From herein, things get feisty. More Black, less Rainbows. The punchy, muscular “The Exiles” (Suede title par excellence) shoots Edge-worthy guitar chops across stormy Dog Man Star skies. “All our horses have been shot / All our aces have been played,” he sings. It broods with the gothic rumble of Suede noir. “I’m still burning!” kicks the Skinny Emperor. “Actors” rocks like a great lost Suede single; urgent, bratty and spitting fire with a buzzsaw riff that faintly recalls the theme from bare knuckle ’70s cop show The Sweeney.

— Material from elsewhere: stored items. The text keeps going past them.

(* Let $T$ be a tree on $N>2$ vertices with $M\ge 2$ leaves. Then $$R^+(T)\ge N(N-4)+2(N-1)\left[M+\frac{(N-M)^2}{2(N-1)-M}\right].$$
   Context: For vertices $i,j$ of a connected graph $G$, $R_{ij}$ denotes the effective resistance between $i$ and $j$ when every edge is a unit resistor. The additive degree-Kirchhoff index is $R^+(G)=\sum_{i<j}(d_i+d_j)R_{ij}$, where $d_i$ is the degree of vertex $i$. *)

theory Defs
  imports Complex_Main
begin

definition simple_graph :: "'a set \<Rightarrow> ('a \<Rightarrow> 'a \<Rightarrow> bool) \<Rightarrow> bool" where
  "simple_graph V E \<longleftrightarrow> finite V \<and> (\<forall>u v. E u v \<longrightarrow> u \<in> V \<and> v \<in> V)
     \<and> (\<forall>u v. E u v \<longrightarrow> E v u) \<and> (\<forall>v. \<not> E v v)"

definition connected_graph :: "'a set \<Rightarrow> ('a \<Rightarrow> 'a \<Rightarrow> bool) \<Rightarrow> bool" where
  "connected_graph V E \<longleftrightarrow> V \<noteq> {} \<and> (\<forall>u\<in>V. \<forall>v\<in>V. E\<^sup>*\<^sup>* u v)"

definition is_cycle :: "('a \<Rightarrow> 'a \<Rightarrow> bool) \<Rightarrow> 'a list \<Rightarrow> bool" where
  "is_cycle E c \<longleftrightarrow> length c \<ge> 3 \<and> distinct c
     \<and> (\<forall>k. Suc k < length c \<longrightarrow> E (c ! k) (c ! Suc k)) \<and> E (last c) (hd c)"

definition is_tree :: "'a set \<Rightarrow> ('a \<Rightarrow> 'a \<Rightarrow> bool) \<Rightarrow> bool" where
  "is_tree V E \<longleftrightarrow> simple_graph V E \<and> connected_graph V E \<and> (\<nexists>c. is_cycle E c)"

definition degree :: "'a set \<Rightarrow> ('a \<Rightarrow> 'a \<Rightarrow> bool) \<Rightarrow> 'a \<Rightarrow> nat" where
  "degree V E v = card {u\<in>V. E v u}"

definition leaves :: "'a set \<Rightarrow> ('a \<Rightarrow> 'a \<Rightarrow> bool) \<Rightarrow> 'a set" where
  "leaves V E = {v\<in>V. degree V E v = 1}"

text \<open>Effective resistance with unit resistors: inject unit current at i, extract at j;
  by Kirchhoff's laws the node potentials v satisfy (L v)_k = [k=i] - [k=j], and
  R_ij is the potential difference v i - v j (well defined for connected graphs).\<close>
definition eff_res :: "'a set \<Rightarrow> ('a \<Rightarrow> 'a \<Rightarrow> bool) \<Rightarrow> 'a \<Rightarrow> 'a \<Rightarrow> real" where
  "eff_res V E i j = (THE r. \<exists>pot :: 'a \<Rightarrow> real.
     (\<forall>k\<in>V. (\<Sum>l\<in>{l\<in>V. E k l}. pot k - pot l)
              = (if k = i then 1 else 0) - (if k = j then 1 else 0))
     \<and> r = pot i - pot j)"

definition add_deg_kirchhoff :: "'a::linorder set \<Rightarrow> ('a \<Rightarrow> 'a \<Rightarrow> bool) \<Rightarrow> real" where
  "add_deg_kirchhoff V E =
     (\<Sum>(i, j)\<in>{(i, j). i \<in> V \<and> j \<in> V \<and> i < j}.
        (real (degree V E i) + real (degree V E j)) * eff_res V E i j)"

end

theory Submission
  imports Defs "HOL-Library.Transitive_Closure_Table"
begin

text \<open>In a tree every edge is a bridge, so the potential of a unit current from i to j drops by
  exactly one across each edge separating i from j and is constant across all other edges: R_ij is
  the number of separating edges. Hence R_ij \<ge> 1, and R_ij \<ge> 2 for non-adjacent i, j, so
  R^+(T) \<ge> \<Sum>_{i<j} (d_i + d_j)(2 - [ij \<in> E]). As d_i + d_j \<le> N for adjacent vertices
  (there are no triangles) and \<Sum> d_i = 2(N - 1), this is at least (3N - 4)(N - 1).
  The claimed bound does not exceed that value: a tree with N > 2 vertices has M \<le> N - 1 leaves,
  and then the comparison is an elementary polynomial inequality.\<close>

definition del_edge :: "('a \<Rightarrow> 'a \<Rightarrow> bool) \<Rightarrow> 'a \<Rightarrow> 'a \<Rightarrow> 'a \<Rightarrow> 'a \<Rightarrow> bool" where
  "del_edge E a b x y \<longleftrightarrow> E x y \<and> \<not> ((x = a \<and> y = b) \<or> (x = b \<and> y = a))"

definition side :: "('a \<Rightarrow> 'a \<Rightarrow> bool) \<Rightarrow> 'a \<Rightarrow> 'a \<Rightarrow> 'a set" where
  "side E a b = {x. (del_edge E a b)\<^sup>*\<^sup>* a x}"

definition separating_arcs :: "('a \<Rightarrow> 'a \<Rightarrow> bool) \<Rightarrow> 'a \<Rightarrow> 'a \<Rightarrow> ('a \<times> 'a) set" where
  "separating_arcs E i j = {(a, b). E a b \<and> i \<in> side E a b \<and> j \<in> side E b a}"

definition separation_potential :: "('a \<Rightarrow> 'a \<Rightarrow> bool) \<Rightarrow> 'a \<Rightarrow> 'a \<Rightarrow> 'a \<Rightarrow> real" where
  "separation_potential E i j x = (\<Sum>e\<in>separating_arcs E i j. of_bool (x \<in> side E (fst e) (snd e)))"

definition unit_current_potential ::
    "'a set \<Rightarrow> ('a \<Rightarrow> 'a \<Rightarrow> bool) \<Rightarrow> 'a \<Rightarrow> 'a \<Rightarrow> ('a \<Rightarrow> real) \<Rightarrow> bool" where
  "unit_current_potential V E i j p \<longleftrightarrow> (\<forall>k\<in>V. (\<Sum>l\<in>{l\<in>V. E k l}. p k - p l)
     = (if k = i then 1 else 0) - (if k = j then 1 else 0))"

lemma del_edge_commute: "del_edge E a b = del_edge E b a"
  unfolding del_edge_def by (intro ext) auto

lemma side_self: "a \<in> side E a b"
  by (simp add: side_def)

lemma sum_pairs_less_symmetric:
  fixes V :: "'a::linorder set" and f :: "'a \<times> 'a \<Rightarrow> 'b::comm_semiring_1"
  assumes "finite V" and sym: "\<And>i j. f (j, i) = f (i, j)"
  shows "(\<Sum>p\<in>Sigma V (\<lambda>i. V - {i}). f p) = 2 * (\<Sum>p\<in>{(i, j). i \<in> V \<and> j \<in> V \<and> i < j}. f p)"
proof -
  let ?P = "{(i, j). i \<in> V \<and> j \<in> V \<and> i < j}"
  let ?Q = "{(i, j). i \<in> V \<and> j \<in> V \<and> j < i}"
  have fin: "finite ?P" "finite ?Q"
    using \<open>finite V\<close> by (auto intro: rev_finite_subset[of "V \<times> V"])
  have "?Q = prod.swap ` ?P" by auto
  then have "(\<Sum>p\<in>?Q. f p) = (\<Sum>p\<in>?P. f (prod.swap p))"
    by (simp add: sum.reindex swap_inj_on)
  also have "\<dots> = (\<Sum>p\<in>?P. f p)"
    by (rule sum.cong) (auto simp: sym)
  finally have "(\<Sum>p\<in>?Q. f p) = (\<Sum>p\<in>?P. f p)" .
  moreover have "Sigma V (\<lambda>i. V - {i}) = ?P \<union> ?Q" "?P \<inter> ?Q = {}" by auto
  ultimately show ?thesis
    using sum.union_disjoint[OF fin, of f] by (simp add: mult_2)
qed

locale connected_simple_graph =
  fixes V :: "'a set" and E :: "'a \<Rightarrow> 'a \<Rightarrow> bool"
  assumes simple: "simple_graph V E" and connected: "connected_graph V E"
begin

lemma finite_V: "finite V"
  using simple by (simp add: simple_graph_def)

lemma edge_in_V: "E x y \<Longrightarrow> x \<in> V \<and> y \<in> V"
  using simple by (simp add: simple_graph_def)

lemma edge_sym: "E x y \<Longrightarrow> E y x"
  using simple by (simp add: simple_graph_def)

lemma no_loop: "\<not> E x x"
  using simple by (simp add: simple_graph_def)

lemma reachable: "u \<in> V \<Longrightarrow> v \<in> V \<Longrightarrow> E\<^sup>*\<^sup>* u v"
  using connected by (simp add: connected_graph_def)

lemma V_nonempty: "V \<noteq> {}"
  using connected by (simp add: connected_graph_def)

lemma finite_neighbours: "finite {l\<in>V. E k l}"
  using finite_V by simp

text \<open>Maximum principle: a maximum of a harmonic function propagates along edges.\<close>
lemma harmonic_imp_constant:
  assumes harmonic: "\<forall>k\<in>V. (\<Sum>l\<in>{l\<in>V. E k l}. h k - h l) = (0::real)"
    and "x \<in> V" "y \<in> V"
  shows "h x = h y"
proof -
  define m where "m = Max (h ` V)"
  have le_m: "h z \<le> m" if "z \<in> V" for z
    unfolding m_def using finite_V that by (intro Max_ge) auto
  have "m \<in> h ` V"
    unfolding m_def using finite_V V_nonempty by (intro Max_in) auto
  then obtain k0 where k0: "k0 \<in> V" "h k0 = m" by auto
  have "h z = m" if "z \<in> V" for z
    using reachable[OF k0(1) that]
  proof (induction rule: rtranclp_induct)
    case base then show ?case using k0 by simp
  next
    case (step y z)
    have nonneg: "\<forall>l\<in>{l\<in>V. E y l}. 0 \<le> h y - h l"
      using le_m step.IH by auto
    have "(\<Sum>l\<in>{l\<in>V. E y l}. h y - h l) = 0"
      using harmonic edge_in_V[OF step.hyps(2)] by blast
    then have "\<forall>l\<in>{l\<in>V. E y l}. h y - h l = 0"
      using nonneg sum_nonneg_eq_0_iff[OF finite_neighbours, where f = "\<lambda>l. h y - h l"] by blast
    then show ?case
      using step.IH step.hyps(2) edge_in_V[OF step.hyps(2)] by auto
  qed
  then show ?thesis using assms by simp
qed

It also marks the first Anderson tune you can technically pogo to. It’s hook “I’m falling, falling” is shiveringly euphoric. Ditto “Thin Man Dancing”, another ultra-Suede glam tart, strutting its sleazy hips through the backstreets. “Are we like shadows? We’ll be like shadows”; it slithers with both a promise and a threat. It’s the gutter scamps from “Metal Mickey” reborn, rising again from the puddles and garbage.

This being a Brett Anderson record, there are still gentler, elegiac pieces. The spiralling, falling glitter of “In the House of Numbers” recalls Cocteau Twins with its rolling bass and flickering mysteries of “Palaces of trees” and “Windows broken from the inside”. Later, the sombre, spooksome finale “Possession” is a martyr’s allegiance to ‘er indoors. “For her I would leap into the flame,” boasts Anderson like a Regency Valentino challenged to a duel. The album peak though, “This Must Be Where It Ends”, flies betwixt the black and the rainbow. He sings, “You cannot stop the rain from falling / Though we try.” To say it’s almost as giddily uplifting as Suede treasures like “By the Sea” is compliment enough. If this is any indication of where Anderson is heading, the new Suede album is gonna be stellar.

Whilst it’s obviously no Dog Man Star, Brett Anderson’s tenth round rings the bell for a local hero with spirit reborn, heart aflame, trash talkin’ and eyeing the prize once more. Even if I’ll swear to thy grave that 2009’s Slow Attack was his true solo knockout, this feels like someone coming home. It’s music tripping on a realisation that life is for living and that thing in your chest ain’t no heartbeat but a countdown. Its grim, ponderous sleeve proves a misnomer. It should have Brett Anderson beaming in a sparkly tracksuit, blowing a whistle whilst giving a thumbs up with one hand and toasting a glass of Moët with the other. Real life has no time for rehearsals.